*TASK TO COMPLETE*. Search the records for the string "forall". Copy each line where it occurs.

╭──

(* Let $1\le p\le 2$, let $X$ and $Y$ be Banach spaces such that $X$ has type $p$, and let $u:X\to Y$ be a continuous linear operator. If the adjoint $u^*:Y^*\to X^*$ is almost $p^*$-summing (where $\frac1p+\frac1{p^*}=1$), then $u$ is Cohen strongly $p$-summing, i.e. $(u(x_i))_{i=1}^\infty\in\ell_p\langle Y\rangle$ whenever $(x_i)_{i=1}^\infty\in\ell_p(X)$.
   Context: $r_i$ denote the Rademacher functions. A Banach space $X$ has type $p$ if there is $C\ge0$ with $\left(\int_0^1\left\|\sum_{i=1}^m r_i(t)x_i\right\|^2dt\right)^{1/2}\le C\left(\sum_{i=1}^m\|x_i\|^p\right)^{1/p}$ for all $m$ and $x_1,\dots,x_m\in X$. For $1\le s\le\infty$, $\|(x_i)\|_{w,s}:=\sup_{x^*\in B_{X^*}}\|(x^*(x_i))_i\|_s$ and $\ell_s^w(X)$ is the space of sequences where this is finite. $\ell_p\langle Y\rangle$ is the space of sequences $(y_i)\subset Y$ with $\sup\{\sum_i|y_i^*(y_i)|:(y_i^* )\in B_{\ell_{p^*}^w(Y^* )}\}<\infty$. An operator $v\in\mathcal L(E,F)$ is almost $s$-summing if there is $C\ge0$ with $\left(\int_0^1\left\|\sum_{i=1}^m r_i(t)v(x_i)\right\|^2dt\right)^{1/2}\le C\|(x_i)_{i=1}^m\|_{w,s}$ for all $m$ and $x_1,\dots,x_m\in E$. *)

theory Defs
  imports "HOL-Analysis.Analysis"
begin

definition rademacher :: "nat \<Rightarrow> real \<Rightarrow> real" where
  "rademacher i t = sgn (sin (2 ^ i * pi * t))"

definition rad_avg :: "(nat \<Rightarrow> 'a::real_normed_vector) \<Rightarrow> nat \<Rightarrow> real" where
  "rad_avg x m = sqrt (integral {0..1} (\<lambda>t. (norm (\<Sum>i=1..m. rademacher i t *\<^sub>R x i))\<^sup>2))"

definition seq_norm :: "ereal \<Rightarrow> (nat \<Rightarrow> real) \<Rightarrow> ereal" where
  "seq_norm s a =
     (if s = \<infinity> then (SUP i. ereal \<bar>a i\<bar>)
      else if summable (\<lambda>i. \<bar>a i\<bar> powr real_of_ereal s)
        then ereal ((\<Sum>i. \<bar>a i\<bar> powr real_of_ereal s) powr (1 / real_of_ereal s))
        else \<infinity>)"

definition weak_norm :: "ereal \<Rightarrow> (nat \<Rightarrow> 'a::real_normed_vector) \<Rightarrow> ereal" where
  "weak_norm s x = (SUP f\<in>{f :: 'a \<Rightarrow>\<^sub>L real. norm f \<le> 1}. seq_norm s (\<lambda>i. blinfun_apply f (x i)))"

definition conj_exp :: "real \<Rightarrow> ereal" where
  "conj_exp p = (if p = 1 then \<infinity> else ereal (p / (p - 1)))"

definition has_type :: "'a::real_normed_vector itself \<Rightarrow> real \<Rightarrow> bool" where
  "has_type _ p \<longleftrightarrow> (\<exists>C\<ge>0. \<forall>m (x :: nat \<Rightarrow> 'a).
      rad_avg x m \<le> C * (\<Sum>i=1..m. norm (x i) powr p) powr (1 / p))"

definition almost_summing :: "ereal \<Rightarrow> ('a::real_normed_vector \<Rightarrow> 'b::real_normed_vector) \<Rightarrow> bool" where
  "almost_summing s v \<longleftrightarrow> (\<exists>C\<ge>0. \<forall>m (x :: nat \<Rightarrow> 'a).
      ereal (rad_avg (\<lambda>i. v (x i)) m) \<le> ereal C * weak_norm s (\<lambda>i. if i \<in> {1..m} then x i else 0))"

definition in_lp :: "real \<Rightarrow> (nat \<Rightarrow> 'a::real_normed_vector) \<Rightarrow> bool" where
  "in_lp p x \<longleftrightarrow> summable (\<lambda>i. norm (x i) powr p)"

definition in_cohen_lp :: "real \<Rightarrow> (nat \<Rightarrow> 'b::real_normed_vector) \<Rightarrow> bool" where
  "in_cohen_lp p y \<longleftrightarrow>
     (SUP ys\<in>{ys :: nat \<Rightarrow> ('b \<Rightarrow>\<^sub>L real). weak_norm (conj_exp p) ys \<le> 1}.
        (if summable (\<lambda>i. \<bar>blinfun_apply (ys i) (y i)\<bar>)
         then ereal (\<Sum>i. \<bar>blinfun_apply (ys i) (y i)\<bar>) else \<infinity>)) < \<infinity>"

definition cohen_strongly_summing :: "real \<Rightarrow> ('a::real_normed_vector \<Rightarrow>\<^sub>L 'b::real_normed_vector) \<Rightarrow> bool" where
  "cohen_strongly_summing p u \<longleftrightarrow>
     (\<forall>x. in_lp p x \<longrightarrow> in_cohen_lp p (\<lambda>i. blinfun_apply u (x i)))"

end

theory Submission
  imports Defs
begin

╰──

*RESPONSE FOR THIS EXERCISE*.
  "has_type _ p \<longleftrightarrow> (\<exists>C\<ge>0. \<forall>m (x :: nat \<Rightarrow> 'a).
  "almost_summing s v \<longleftrightarrow> (\<exists>C\<ge>0. \<forall>m (x :: nat \<Rightarrow> 'a).
     (\<forall>x. in_lp p x \<longrightarrow> in_cohen_lp p (\<lambda>i. blinfun_apply u (x i)))"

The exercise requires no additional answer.